Миша взялся меня проводить, оставив Анархиста спать на своем кресле. Я чувствовала себя неважно, все вокруг плыло и мерцало, ватные ноги не слушались, но очень хотелось домой. Мишка пытался отговаривать меня от этой поездки, но я была непреклонна. Даже не подозревала, что алкоголь способен такое творить со мной.

- Давай машину поймаем от метро? – ещё в поезде начал уговаривать Фурман
- Зачем? Так трудно три остановки пройтись пешком?
- Не трудно, просто поздно уже, да и ты устала.
- Не тебе решать, устала я или нет – огрызнулась я и пристроила голову к нему на плечо.
- Ну, да. Смотри не засни, не добужусь потом.
- И это тоже мне решать – сквозь дрему отозвалась я.

Когда мы доехали, мне значительно полегчало, а свежий воздух поздней весны практически исцелил меня. Было приятно очутиться на улице под фонарями, когда одинокие люди ютились у столбов, надеясь на последний автобус.

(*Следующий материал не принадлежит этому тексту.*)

text \<open>The sequences L, a, xt, y, s, A, tau, x, xi, v are those generated by iterations
  j = 1..J of one cycle of RPF-SFISTA started with mu, x0 = z_{l-1}, L_0 = Lstart
  (= underline M_l); iterations 1..J-1 ended neither with a restart nor with a stop.\<close>
definition rpf_cycle ::
  "('a::euclidean_space \<Rightarrow> real) \<Rightarrow> ('a \<Rightarrow> 'a) \<Rightarrow> ('a \<Rightarrow> real) \<Rightarrow> 'a set \<Rightarrow>
   real \<Rightarrow> real \<Rightarrow> real \<Rightarrow> 'a \<Rightarrow> real \<Rightarrow> real \<Rightarrow>
   (nat \<Rightarrow> real) \<Rightarrow> (nat \<Rightarrow> real) \<Rightarrow> (nat \<Rightarrow> 'a) \<Rightarrow> (nat \<Rightarrow> 'a) \<Rightarrow> (nat \<Rightarrow> 'a) \<Rightarrow>
   (nat \<Rightarrow> real) \<Rightarrow> (nat \<Rightarrow> real) \<Rightarrow> (nat \<Rightarrow> 'a) \<Rightarrow> (nat \<Rightarrow> 'a) \<Rightarrow> (nat \<Rightarrow> 'a) \<Rightarrow> nat \<Rightarrow> bool" where
  "rpf_cycle f f' h H chi \<beta> \<mu> x0 Lstart \<epsilon> L a xt y s A \<tau> x \<xi> v J \<longleftrightarrow>
     x 0 = x0 \<and> \<xi> 0 = x0 \<and> y 0 = x0 \<and> A 0 = 0 \<and> \<tau> 0 = 1 \<and> L 0 = Lstart \<and>
     (\<forall>j\<in>{1..J}.
        (\<exists>k::nat. L j = \<beta> ^ k * L (j - 1) \<and>
           (\<forall>k'<k. \<forall>y'. prox_pt f f' h H
                  (xt_of (A (j - 1)) (y (j - 1)) (a_of (\<tau> (j - 1)) (A (j - 1)) (\<beta> ^ k' * L (j - 1))) (x (j - 1)))
                  (\<beta> ^ k' * L (j - 1)) y' \<longrightarrow>
               \<not> ls_ok f f' chi
                  (xt_of (A (j - 1)) (y (j - 1)) (a_of (\<tau> (j - 1)) (A (j - 1)) (\<beta> ^ k' * L (j - 1))) (x (j - 1)))
                  (\<beta> ^ k' * L (j - 1)) y')) \<and>
        a (j - 1) = a_of (\<tau> (j - 1)) (A (j - 1)) (L j) \<and>
        xt (j - 1) = xt_of (A (j - 1)) (y (j - 1)) (a (j - 1)) (x (j - 1)) \<and>
        prox_pt f f' h H (xt (j - 1)) (L j) (y j) \<and>
        ls_ok f f' chi (xt (j - 1)) (L j) (y j) \<and>
        \<xi> j = (if f (y j) + h (y j) \<le> f (\<xi> (j - 1)) + h (\<xi> (j - 1)) then y j else \<xi> (j - 1)) \<and>
        A j = A (j - 1) + a (j - 1) \<and>
        \<tau> j = \<tau> (j - 1) + a (j - 1) * \<mu> / 2 \<and>
        s j = L j *\<^sub>R (xt (j - 1) - y j) \<and>
        x j = (1 / \<tau> j) *\<^sub>R ((\<mu> * a (j - 1) / 2) *\<^sub>R y j + \<tau> (j - 1) *\<^sub>R x (j - 1) - a (j - 1) *\<^sub>R s j) \<and>
        v j = f' (y j) - f' (xt (j - 1)) + s j) \<and>
     (\<forall>j\<in>{1..<J}.
        \<not> ((norm (\<xi> j - x0))\<^sup>2 < chi * A j * L j * (norm (y j - xt (j - 1)))\<^sup>2) \<and>
        \<not> (norm (v j) \<le> \<epsilon>))"
(* Let $N$ be the generalised Cartan matrix of type $A_r$ ($r\ge1$) or $A^{(1)}_{r-1}$ ($r\ge2$), let $A=[A_{ij}]$ be a solution matrix of $N$, and let $\mathfrak h$, $\alpha_i$, $Z$, $\mathcal A$, $v_1,\dots,v_r$ be as in the context, with $F:\mathfrak h\to\mathrm{Der}(\mathcal A)$ a Lie algebra homomorphism satisfying $\ker F=Z$ and $F(H)(v_i)=\alpha_i(H)v_i$. Then there exist unique $\delta_1,\dots,\delta_r\in\mathrm{Im}\,F$ with $\alpha_i(\delta_j)=A_{ij}$ for all $i,j$; setting $\delta_{-i}=\frac{1}{A_{ii}}\bigl(-F(H_i)+\frac{1}{A_{ii}}\delta_i\bigr)$, the elements $\mathbf X_i=v_i\delta_i$, $\mathbf X_{-i}=v_i^{-1}\delta_{-i}$ satisfy $[\mathbf X_i,\mathbf X_{-i}]=F(H_i)$ and $[\mathbf X_i,\mathbf X_{-j}]=0$ for $i\ne j$; hence $F(H_a)$, $\mathbf X_{\pm i}$ satisfy all the defining relations (a)–(e) of $\hat{\mathfrak g}(N)$ (Problem 1 has a solution).
   Context: The generalised Cartan matrix of type $A_r$ ($r\ge1$) is the $r\times r$ matrix $N=[n(i,j)]$ with $2$ on the diagonal, $-1$ in positions $(i,i\pm1)$ and $0$ elsewhere; that of type $A^{(1)}_1$ is $\begin{pmatrix}2&-2\\-2&2\end{pmatrix}$; that of type $A^{(1)}_{r-1}$ ($r\ge3$) has $2$ on the diagonal, $-1$ in positions $(i,i\pm1)$ and $(1,r),(r,1)$, $0$ elsewhere. A solution matrix of $N$ is an $r\times r$ complex matrix $A=[A_{ij}]$ with all $A_{ii}\ne0$ such that $A'=[A_{ij}/A_{jj}]$ satisfies: $A'_{ij}\in\{0,-1\}$ for $i\ne j$; $A'_{ij}+A'_{ji}=n(j,i)$; and if $A'_{ij}=-1$ then the $i$-th row and $j$-th column of $A'$ have no other entries $-1$. Let $s$ be the corank of $N$ ($s=0$ for $A_r$, $s=1$ for $A^{(1)}_{r-1}$), $\mathfrak h$ the complex vector space with basis $H_1,\dots,H_{r+s}$, $\alpha_1,\dots,\alpha_r\in\mathfrak h^*$ linearly independent with $\alpha_j(H_i)=n(i,j)$ ($1\le i,j\le r$), and $Z=\bigcap_i\ker\alpha_i$. Since $\ker F\subseteq Z$, each $\alpha_i$ induces a linear form on $\mathrm{Im}\,F$ via $\alpha_i(F(H))=\alpha_i(H)$. $\mathcal A$ is a complex commutative algebra, $\mathrm{Der}(\mathcal A)$ its Lie algebra of derivations; for $a\in\mathcal A$, $D\in\mathrm{Der}(\mathcal A)$, $aD$ is $b\mapsto aD(b)$; $v_1,\dots,v_r\in\mathcal A$ are invertible. The defining relations of $\hat{\mathfrak g}(N)$, for $\mathbf H_a=F(H_a)$: (a) $[\mathbf H_a,\mathbf H_b]=0$; (b) $[\mathbf X_i,\mathbf X_{-i}]=\mathbf H_i$, $[\mathbf X_i,\mathbf X_{-j}]=0$ ($i\ne j$); (c) $[\mathbf H_a,\mathbf X_{\pm j}]=\pm\alpha_j(H_a)\mathbf X_{\pm j}$; (d) $\mathrm{ad}(\mathbf X_i)^{1-n(i,j)}(\mathbf X_j)=0$ ($i\ne j$); (e) $\mathrm{ad}(\mathbf X_{-i})^{1-n(i,j)}(\mathbf X_{-j})=0$ ($i\ne j$). *)

theory Defs
  imports Complex_Main
begin

definition gcm_A :: "nat \<Rightarrow> nat \<Rightarrow> nat \<Rightarrow> int" where
  "gcm_A r i j = (if i = j then 2 else if i = j + 1 \<or> j = i + 1 then -1 else 0)"

definition gcm_Aff :: "nat \<Rightarrow> nat \<Rightarrow> nat \<Rightarrow> int" where
  "gcm_Aff r i j =
    (if r = 2 then (if i = j then 2 else -2)
     else if i = j then 2
     else if i = j + 1 \<or> j = i + 1 \<or> (i = 1 \<and> j = r) \<or> (i = r \<and> j = 1) then -1
     else 0)"

definition normA :: "(nat \<Rightarrow> nat \<Rightarrow> complex) \<Rightarrow> nat \<Rightarrow> nat \<Rightarrow> complex" where
  "normA A i j = A i j / A j j"

definition solution_matrix ::
  "nat \<Rightarrow> (nat \<Rightarrow> nat \<Rightarrow> int) \<Rightarrow> (nat \<Rightarrow> nat \<Rightarrow> complex) \<Rightarrow> bool" where
  "solution_matrix r N A \<longleftrightarrow>
     (\<forall>i\<in>{1..r}. A i i \<noteq> 0) \<and>
     (\<forall>i\<in>{1..r}. \<forall>j\<in>{1..r}. i \<noteq> j \<longrightarrow> normA A i j \<in> {0, -1}) \<and>
     (\<forall>i\<in>{1..r}. \<forall>j\<in>{1..r}. i \<noteq> j \<longrightarrow> normA A i j + normA A j i = of_int (N j i)) \<and>
     (\<forall>i\<in>{1..r}. \<forall>j\<in>{1..r}. i \<noteq> j \<longrightarrow> normA A i j = -1 \<longrightarrow>
        (\<forall>k\<in>{1..r}. k \<noteq> j \<longrightarrow> normA A i k \<noteq> -1) \<and>
        (\<forall>k\<in>{1..r}. k \<noteq> i \<longrightarrow> normA A k j \<noteq> -1))"

text \<open>A commutative complex algebra is a commutative ring ''a together with a unital
  ring homomorphism emb from the complex numbers (the structure map); scalar
  multiplication is c . x = emb c * x.\<close>
definition calg :: "(complex \<Rightarrow> 'a::comm_ring_1) \<Rightarrow> bool" where
  "calg emb \<longleftrightarrow> emb 1 = 1 \<and> (\<forall>x y. emb (x + y) = emb x + emb y) \<and>
                 (\<forall>x y. emb (x * y) = emb x * emb y)"

definition derivation :: "(complex \<Rightarrow> 'a::comm_ring_1) \<Rightarrow> ('a \<Rightarrow> 'a) \<Rightarrow> bool" where
  "derivation emb D \<longleftrightarrow>
     (\<forall>x y. D (x + y) = D x + D y) \<and>
     (\<forall>c x. D (emb c * x) = emb c * D x) \<and>
     (\<forall>x y. D (x * y) = x * D y + y * D x)"

definition lbr :: "('a \<Rightarrow> 'a) \<Rightarrow> ('a \<Rightarrow> 'a) \<Rightarrow> 'a \<Rightarrow> 'a::comm_ring_1" where
  "lbr D E = (\<lambda>x. D (E x) - E (D x))"

definition amul :: "'a \<Rightarrow> ('a \<Rightarrow> 'a) \<Rightarrow> 'a \<Rightarrow> 'a::comm_ring_1" where
  "amul a D = (\<lambda>x. a * D x)"

definition ainv :: "'a::comm_ring_1 \<Rightarrow> 'a" where
  "ainv v = (SOME w. v * w = 1)"

text \<open>An element of h is a coefficient function c with support in {1..n}, n = r+s,
  standing for sum_a c a H_a.\<close>
definition hspace :: "nat \<Rightarrow> (nat \<Rightarrow> complex) set" where
  "hspace n = {c. \<forall>a. a \<notin> {1..n} \<longrightarrow> c a = 0}"

definition Hb :: "nat \<Rightarrow> nat \<Rightarrow> complex" where
  "Hb a = (\<lambda>b. if b = a then 1 else 0)"

definition lform :: "nat \<Rightarrow> (nat \<Rightarrow> complex) \<Rightarrow> (nat \<Rightarrow> complex) \<Rightarrow> complex" where
  "lform n f c = (\<Sum>a=1..n. c a * f a)"

text \<open>Complex-linear map h -> Der(A) determined by the images FH a of the H_a.\<close>
definition linmap :: "(complex \<Rightarrow> 'a::comm_ring_1) \<Rightarrow> nat \<Rightarrow> (nat \<Rightarrow> 'a \<Rightarrow> 'a)
     \<Rightarrow> (nat \<Rightarrow> complex) \<Rightarrow> 'a \<Rightarrow> 'a" where
  "linmap emb n FH c = (\<lambda>x. \<Sum>a=1..n. emb (c a) * FH a x)"

text \<open>Linear form alpha induced on Im F via alpha(F(H)) = alpha(H).\<close>
definition induced_form :: "(complex \<Rightarrow> 'a::comm_ring_1) \<Rightarrow> nat \<Rightarrow> (nat \<Rightarrow> 'a \<Rightarrow> 'a)
     \<Rightarrow> (nat \<Rightarrow> complex) \<Rightarrow> ('a \<Rightarrow> 'a) \<Rightarrow> complex" where
  "induced_form emb n FH f d =
     lform n f (SOME c. c \<in> hspace n \<and> linmap emb n FH c = d)"

end

theory Submission
  imports Defs "Jordan_Normal_Form.Determinant"
begin

(* Since ker F = Z, an element F(c) of Im F is determined by the root values alpha_i(c), and
   since the alpha_i are linearly independent these values can be prescribed arbitrarily; this
   gives existence and uniqueness of the delta_j.
   Each X_i, X_-i has the form u D with D in the commutative Lie algebra Im F and u a weight
   vector, F(H) u = lambda(H) u. For such elements [u D, w E] = u w (mu(D) E - lambda(E) D), so
   every relation reduces to an identity between root values, i.e. between entries of A and N.
   For i <> j this identity holds because an entry -1 of the normalised matrix A' is the only
   one in its row and column. For the Serre relations, ad(u D)^k (w E) = u^k w (p_k D + q_k E)
   with (p_k, q_k) given by a linear recursion, which for the entries 0, -1 allowed in A'
   vanishes at k = 1 - n(i,j). *)

section \<open>Solving linear systems\<close>

lemma injective_square_system_solvable:
  fixes G :: "nat \<Rightarrow> nat \<Rightarrow> 'a::field"
  assumes inj: "\<And>y. \<forall>i\<in>{1..m}. (\<Sum>k=1..m. G i k * y k) = 0 \<Longrightarrow> \<forall>k\<in>{1..m}. y k = 0"
  shows "\<exists>y. \<forall>i\<in>{1..m}. (\<Sum>k=1..m. G i k * y k) = b i"
proof -
  define M where "M = mat m m (\<lambda>(i, k). G (Suc i) (Suc k))"
  have M: "M \<in> carrier_mat m m" by (simp add: M_def)
  have M_mult: "(M *\<^sub>v u) $ (i - 1) = (\<Sum>k=1..m. G i k * u $ (k - 1))"
    if "i \<in> {1..m}" "u \<in> carrier_vec m" for i u
    using that by (auto simp: M_def scalar_prod_def sum.atLeast1_atMost_eq atLeast0LessThan Suc_le_eq)
  have "det M \<noteq> 0"
  proof
    assume "det M = 0"
    then obtain u where u: "u \<in> carrier_vec m" "u \<noteq> 0\<^sub>v m" "M *\<^sub>v u = 0\<^sub>v m"
      using det_0_iff_vec_prod_zero[OF M] by auto
    have "\<forall>i\<in>{1..m}. (\<Sum>k=1..m. G i k * u $ (k - 1)) = 0"
    proof
      fix i assume "i \<in> {1..m}"
      then show "(\<Sum>k=1..m. G i k * u $ (k - 1)) = 0"
        using M_mult[of i u] u by auto
    qed
    then have "\<forall>k\<in>{1..m}. u $ (k - 1) = 0" by (rule inj)
    then have "u = 0\<^sub>v m"
      using u(1) by (intro eq_vecI) (auto dest!: bspec[of _ _ "Suc i" for i])
    with u(2) show False ..
  qed
  then obtain B where B: "B \<in> carrier_mat m m" "M * B = 1\<^sub>m m"
    using det_non_zero_imp_unit[OF M] unfolding Units_def ring_mat_def by auto
  define x where "x = B *\<^sub>v vec m (\<lambda>i. b (Suc i))"
  have x: "x \<in> carrier_vec m" using B by (simp add: x_def)
  have "M *\<^sub>v x = vec m (\<lambda>i. b (Suc i))"
    using B M by (simp add: x_def assoc_mult_mat_vec[symmetric])
  then have "\<forall>i\<in>{1..m}. (\<Sum>k=1..m. G i k * x $ (k - 1)) = b i"
    using M_mult[OF _ x, symmetric] by auto
  then show ?thesis by (intro exI[of _ "\<lambda>k. x $ (k - 1)"])
qed

lemma sum_cnj_mult_self_eq_0:
  fixes z :: "'b \<Rightarrow> complex"
  assumes "finite A" "(\<Sum>a\<in>A. cnj (z a) * z a) = 0" "a \<in> A"
  shows "z a = 0"
proof -
  have "cnj (z a) * z a \<ge> 0" for a
    using conjugate_square_positive[of "z a"] by (simp only: conjugate_complex_def mult.commute)
  then show ?thesis
    using sum_nonneg_eq_0_iff[OF assms(1), of "\<lambda>a. cnj (z a) * z a"] assms(2,3) by simp
qed

text \<open>The Gram matrix of linearly independent complex rows is injective, hence invertible.\<close>
lemma independent_rows_system_solvable:
  fixes M :: "nat \<Rightarrow> nat \<Rightarrow> complex"
  assumes indep: "\<forall>c. (\<forall>a\<in>{1..n}. (\<Sum>i=1..m. c i * M i a) = 0) \<longrightarrow> (\<forall>i\<in>{1..m}. c i = 0)"
  shows "\<exists>x. (\<forall>a. a \<notin> {1..n} \<longrightarrow> x a = 0) \<and> (\<forall>i\<in>{1..m}. (\<Sum>a=1..n. x a * M i a) = b i)"
proof -
  define G where "G i k = (\<Sum>a=1..n. M i a * cnj (M k a))" for i k
  define z where "z y a = (\<Sum>k=1..m. cnj (M k a) * y k)" for y a
  have G_z: "(\<Sum>k=1..m. G i k * y k) = (\<Sum>a=1..n. M i a * z y a)" for i y
    unfolding G_def z_def sum_distrib_left sum_distrib_right
    by (subst sum.swap) (simp add: mult.assoc)
  have cnj_z: "cnj (z y a) = (\<Sum>i=1..m. cnj (y i) * M i a)" for y a
    by (simp add: z_def mult.commute)
  have "\<forall>k\<in>{1..m}. y k = 0" if Gy: "\<forall>i\<in>{1..m}. (\<Sum>k=1..m. G i k * y k) = 0" for y
  proof -
    have "(\<Sum>a=1..n. cnj (z y a) * z y a) = (\<Sum>a=1..n. \<Sum>i=1..m. cnj (y i) * (M i a * z y a))"
      by (simp add: cnj_z sum_distrib_right mult.assoc)
    also have "\<dots> = (\<Sum>i=1..m. cnj (y i) * (\<Sum>k=1..m. G i k * y k))"
      unfolding G_z sum_distrib_left by (rule sum.swap)
    also have "\<dots> = 0" using Gy by (intro sum.neutral) simp
    finally have "\<forall>a\<in>{1..n}. z y a = 0"
      using sum_cnj_mult_self_eq_0[of "{1..n}" "z y"] by blast
    then have "\<forall>a\<in>{1..n}. (\<Sum>i=1..m. cnj (y i) * M i a) = 0"
      by (metis cnj_z complex_cnj_zero)
    then show ?thesis using indep by (metis complex_cnj_zero_iff)
  qed
  then obtain y where y: "\<forall>i\<in>{1..m}. (\<Sum>k=1..m. G i k * y k) = b i"
    using injective_square_system_solvable by blast
  show ?thesis
  proof (intro exI conjI)
    show "\<forall>a. a \<notin> {1..n} \<longrightarrow> (if a \<in> {1..n} then z y a else 0) = 0" by simp
    show "\<forall>i\<in>{1..m}. (\<Sum>a=1..n. (if a \<in> {1..n} then z y a else 0) * M i a) = b i"
      using y unfolding G_z by (simp add: mult.commute)
  qed
qed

- Может, все-таки машину? – не унимался Мишка
- Прекращай давить на мозги, а то оставлю тебя здесь.
- Ну, чего ты упрямишься? Быстрее будет, да и мне спокойней.
- Слышь, не нуди, а то, правда, тут оставлю. – Мишка обнял меня за плечи.
- Проехали, не кипятись. Можешь быстрее идти? Я что-то замерзаю.
- Ладно.

Достаточно быстро мы пришли ко мне. У парадной Мишка замялся, пока я отчаянно искала ключи в рюкзаке. И когда открыла дверь, он уже был готов уйти.

- Куда собрался?
- Домой, наверное, – неуверенно ответил он
- Ишь, чего вздумал, поднимайся. Пойдем чая заварю. Сегодня ты останешься здесь
- Неудобно как-то.
- Неудобно на руках ходить, а в гости зайти очень даже удобно. Самое оно, в общем.
- А магазин круглосуточный ещё есть?
- Да, там же, по улице вниз. Зачем тебе?
- Подумал купить что-нибудь, типа тортик, неудобно как-то без ничего. Может, вина.
- Ну, хорошо – я улыбнулась – можно вина, мама не будет рычать.

Когда Мишка вернулся, и мы удобно расположились на кухне, с работы пришла моя мама. Долго смотрела на нас молча, а потом сказала:

- А еда какая-нибудь в этом доме есть?
- Сейчас сообразим. Мам, чай будешь?
- Угу. Привет, Миша.
- Здравствуйте, тетя Ева.
- Это не лечится – тихо сказала мама и ушла с кухни. Я рассмеялась.
- Слушай, сколько можно?
- Чего прицепилась? – Мишка надул щеки и отвернулся от меня.
- Да ладно тебе. Сколько лет, а все тетя Ева. Дурила ты.
- Сама такая – не без улыбки сказал он.

Стало немного легче, в чем-то привычнее. Мишка был дома, мама пришла ужинать. Втроем пили чай, и мама, как всегда, рассказывала о работе, а мы, открыв рты, её слушали. Но сбои всегда происходят, в самый неподходящий момент.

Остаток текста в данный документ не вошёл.